The Murder Capital: Dürfen sie ihre Palästina-Flagge bei den Sommerfestivals aufhängen?
Mit den Konzertabsagen in Berlin und Köln steht der Live-Betrieb erneut vor Grundsatzfragen

Der überregional bekannte Indie-Club Gebäude 9 in Köln Mülheim sieht sich zu einem Statement genötigt: „A few words regarding our policy“ heißt die Social-Media-Headline zur Absage des Konzerts der irischen Band The Murder Capital.
„Keine Nationalflaggen, egal welches Staates, auf der Bühne“
Das Ereignis liegt nun schon einige Tage zurück und hatte es bis in US-Fachmagazine wie „Billboard“ oder „Hollywood Reporter“ geschafft. Stein des Anstoßes war eine palästinensische Flagge als Element der Bühnen-Deko der Post-Punker. Auch im Berliner Gretchen führte der Streit darüber zu verschlossenen Türen an der Obentrautstraße.
„In einer Welt, in der Nationalismus mehr und mehr wächst und Konflikte eskalieren, ist es seit jeher unser Ziel gewesen, einen Raum zu schaffen, wo Menschen unterschiedlicher Kultur, unterschiedlichen Glaubens und unterschiedlicher Hintergründe zusammenkommen und gemeinsam die Musik genießen können“ heißt es auf Englisch beim Gebäude 9. „Deswegen haben wir eine klare, einfach Regel: Keine Nationalflaggen, egal welches Staates, auf der Bühne“.
Demnach hätte auch Morrissey, der gerne mal mit dem Union Jack kuschelt, ein Problem mit dem Regelwerk. Diese grundsätzliche Maßnahme würde helfen, so das Gebäude-9-Team. „unnötige Spannungen zu vermeiden. Es werde dem Publikum, den Künstlern und Mitarbeitenden einfacher gemacht, sich sicher, willkommen und respektiert zu fühlen.“
Bayrische Gelassenheit oder schlicht andere Regeln?

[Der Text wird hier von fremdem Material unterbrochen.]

lemma signed_sum_deg:
  assumes "F \<subseteq> E"
  shows "int (\<Sum>v\<in>X \<inter> A. deg F ends v) - int (\<Sum>v\<in>X \<inter> B. deg F ends v) =
      (\<Sum>e\<in>F. if e \<in> cut E ends X then if ends e \<inter> X \<subseteq> A then 1 else -1 else 0)"
proof -
  have fin: "finite F" "finite (X \<inter> A)" "finite (X \<inter> B)"
    using assms finite_E finite_A finite_B finite_subset by blast+
  have "int (\<Sum>v\<in>X \<inter> A. deg F ends v) - int (\<Sum>v\<in>X \<inter> B. deg F ends v) =
      (\<Sum>e\<in>F. int (card (ends e \<inter> (X \<inter> A))) - int (card (ends e \<inter> (X \<inter> B))))"
    using sum_deg_eq_sum_card_ends[OF fin(1,2)] sum_deg_eq_sum_card_ends[OF fin(1,3)]
    by (simp add: sum_subtractf)
  also have "\<dots> = (\<Sum>e\<in>F. if e \<in> cut E ends X then if ends e \<inter> X \<subseteq> A then 1 else -1 else 0)"
    using assms by (intro sum.cong refl edge_sign) blast
  finally show ?thesis .
qed

lemma finite_lam_pairs: "finite (lam_pairs V E ends)"
  using lam_pairs_subset finite_V by (metis finite_SigmaI finite_subset)

lemma finite_lam_partners: "finite (lam_partners V E ends u)"
  using lam_partners_subset finite_V by (rule finite_subset)

lemma sides_bipartition: "bipartition V E ends (fst (sides V E ends)) (snd (sides V E ends))"
  unfolding sides_def using bipartition by (metis (mono_tags, lifting) fst_conv snd_conv someI)

lemma perfect_matching_of_bij:
  assumes f: "bij_betw f A B" and m: "\<And>s. s \<in> A \<Longrightarrow> m s \<in> E \<and> ends (m s) = {s, f s}"
  shows "perfect_matching V E ends (m ` A)"
  unfolding perfect_matching_def
proof (intro conjI ballI)
  show "m ` A \<subseteq> E" using m by blast
  fix v assume v: "v \<in> V"
  obtain s0 where s0: "{s \<in> A. v = s \<or> v = f s} = {s0}"
  proof (cases "v \<in> A")
    case True
    then have "{s \<in> A. v = s \<or> v = f s} = {v}"
      using f sides_disjoint by (auto simp: bij_betw_def)
    then show ?thesis using that by blast
  next
    case False
    then obtain s0 where "s0 \<in> A" "v = f s0" using v V_eq f by (metis UnE bij_betw_imp_surj_on imageE)
    then have "{s \<in> A. v = s \<or> v = f s} = {s0}"
      using False f by (auto simp: bij_betw_def inj_on_def)
    then show ?thesis using that by blast
  qed
  have "{e \<in> m ` A. v \<in> ends e} = m ` {s \<in> A. v = s \<or> v = f s}" using m by auto
  then show "deg (m ` A) ends v = 1" using s0 by (simp add: deg_def)
qed

lemma perfect_matching_signed_count:
  assumes M: "perfect_matching V E ends M" and "X \<subseteq> V" and c: "M \<inter> cut E ends X = {c}"
  shows "int (card (X \<inter> A)) - int (card (X \<inter> B)) = (if ends c \<inter> X \<subseteq> A then 1 else -1)"
proof -
  have ME: "M \<subseteq> E" and deg1: "\<And>v. v \<in> V \<Longrightarrow> deg M ends v = 1"
    using M by (auto simp: perfect_matching_def)
  have "(\<Sum>v\<in>X \<inter> Y. deg M ends v) = card (X \<inter> Y)" for Y
    using deg1 assms(2) by (simp add: subset_iff)
  then have "int (card (X \<inter> A)) - int (card (X \<inter> B)) =
      (\<Sum>e\<in>M. if e \<in> cut E ends X then if ends e \<inter> X \<subseteq> A then 1 else -1 else 0)"
    using signed_sum_deg[OF ME, of X] by simp
  also have "\<dots> = (\<Sum>e\<in>M \<inter> cut E ends X. if ends e \<inter> X \<subseteq> A then 1 else -1)"
    using ME finite_E finite_subset by (subst sum.inter_restrict) auto
  finally show ?thesis using c by simp
qed

end

locale regular_bipartite = bipartite_mgraph +
  fixes k :: nat
  assumes regular: "v \<in> V \<Longrightarrow> deg E ends v = k" and degree_pos: "0 < k"
begin

lemma regular_bipartite_swap: "regular_bipartite V E ends B A k"
  using bipartite_mgraph_swap regular degree_pos by (simp add: regular_bipartite_def regular_bipartite_axioms_def)

lemma card_incident_A: "W \<subseteq> A \<Longrightarrow> card {e \<in> E. ends e \<inter> W \<noteq> {}} = k * card W"
  using sum_deg_subset_A[OF subset_refl] regular V_eq by (simp add: subset_iff mult.commute)

lemma card_A_eq_card_B: "card A = card B"
proof -
  have "card A * k = card E" using sum_deg_A[OF subset_refl] regular V_eq by simp
  moreover have "card B * k = card E"
    using bipartite_mgraph.sum_deg_A[OF bipartite_mgraph_swap subset_refl] regular V_eq by simp
  ultimately have "card A * k = card B * k" by simp
  then show ?thesis using degree_pos by simp
qed

lemma card_le_card_neighbours:
  assumes "T \<subseteq> A" and N: "N = {w \<in> B. \<exists>s\<in>T. (s, w) \<in> adj E ends}"
  shows "card T \<le> card N"
    and "card T = card N \<Longrightarrow> e \<in> E \<Longrightarrow> ends e \<inter> N \<noteq> {} \<Longrightarrow> ends e \<inter> T \<noteq> {}"
proof -
  have sub: "{e \<in> E. ends e \<inter> T \<noteq> {}} \<subseteq> {e \<in> E. ends e \<inter> N \<noteq> {}}"
  proof safe
    fix e s assume e: "e \<in> E" "s \<in> ends e" "s \<in> T"
    obtain x y where xy: "ends e = {x, y}" "x \<in> A" "y \<in> B" using e(1) by (rule edgeE)
    then have "s = x" using e assms(1) sides_disjoint by auto
    then have "y \<in> N" using xy e N by (auto simp: adj_def)
    moreover assume "ends e \<inter> N = {}"
    ultimately show False using xy by auto
  qed
  have fin: "finite {e \<in> E. ends e \<inter> N \<noteq> {}}" using finite_E by simp
  have NB: "N \<subseteq> B" using N by blast
  have cards: "card {e \<in> E. ends e \<inter> T \<noteq> {}} = k * card T" "card {e \<in> E. ends e \<inter> N \<noteq> {}} = k * card N"
    using card_incident_A[OF assms(1)] regular_bipartite.card_incident_A[OF regular_bipartite_swap NB] .
  show "card T \<le> card N" using card_mono[OF fin sub] cards degree_pos by simp
  assume "card T = card N" "e \<in> E" "ends e \<inter> N \<noteq> {}"
  then show "ends e \<inter> T \<noteq> {}" using card_subset_eq[OF fin sub] cards by auto
qed

lemma hall_condition_neighbours:
  assumes c: "c \<in> E" "ends c = {a, b}" "a \<in> A" "b \<in> B"
  shows "hall_condition (A - {a}) (\<lambda>s. {w \<in> B - {b}. (s, w) \<in> adj E ends})"
  unfolding hall_condition_def
proof (intro allI impI)
  fix T assume T: "T \<subseteq> A - {a}"
  define N where "N = {w \<in> B. \<exists>s\<in>T. (s, w) \<in> adj E ends}"
  have TA: "T \<subseteq> A" using T by blast
  have "card T \<le> card N" using card_le_card_neighbours(1)[OF TA N_def] .
  moreover have "card T \<noteq> card N" if "b \<in> N"
  proof
    assume "card T = card N"
    then have "ends c \<inter> T \<noteq> {}" using card_le_card_neighbours(2)[OF TA N_def _ c(1)] that c(2) by blast
    then show False using T c(2-4) sides_disjoint by auto
  qed
  moreover have "finite N" using finite_B N_def by simp
  moreover have "\<Union>((\<lambda>s. {w \<in> B - {b}. (s, w) \<in> adj E ends}) ` T) = N - {b}" by (auto simp: N_def)
  ultimately show "card T \<le> card (\<Union>((\<lambda>s. {w \<in> B - {b}. (s, w) \<in> adj E ends}) ` T))"
    by (cases "b \<in> N") (auto simp: card_Diff_singleton_if)
qed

The Murder Capital wiederum, die ROLLING-STONE-Kritiker Max Gösche neben Fountaines D.C. als beste irische Band der Gegenwart taxiert, sehen das erwartungsgemäß anders. „Dass wir unserer Show eine Flagge auf Bühne zeigen, ist kein politisches Statement. Es ist eine menschliche Reaktion auf eine entsetzliche und unvorstellbare Situation, die genau jetzt, heute passiert!“
Die Band spielte in beiden Absage-Städte kurze Freiluft-Akustik-Sets vor ihren Fans. Und schwenkte das schwarz-grün-weiße Tuch mit dem roten Dreieck. In München übrigens konnte der Auftritt im Hansa 39/Feierwerk unbeanstandet seinen Lauf nehmen. Bayrische Gelassenheit oder schlicht andere Regeln?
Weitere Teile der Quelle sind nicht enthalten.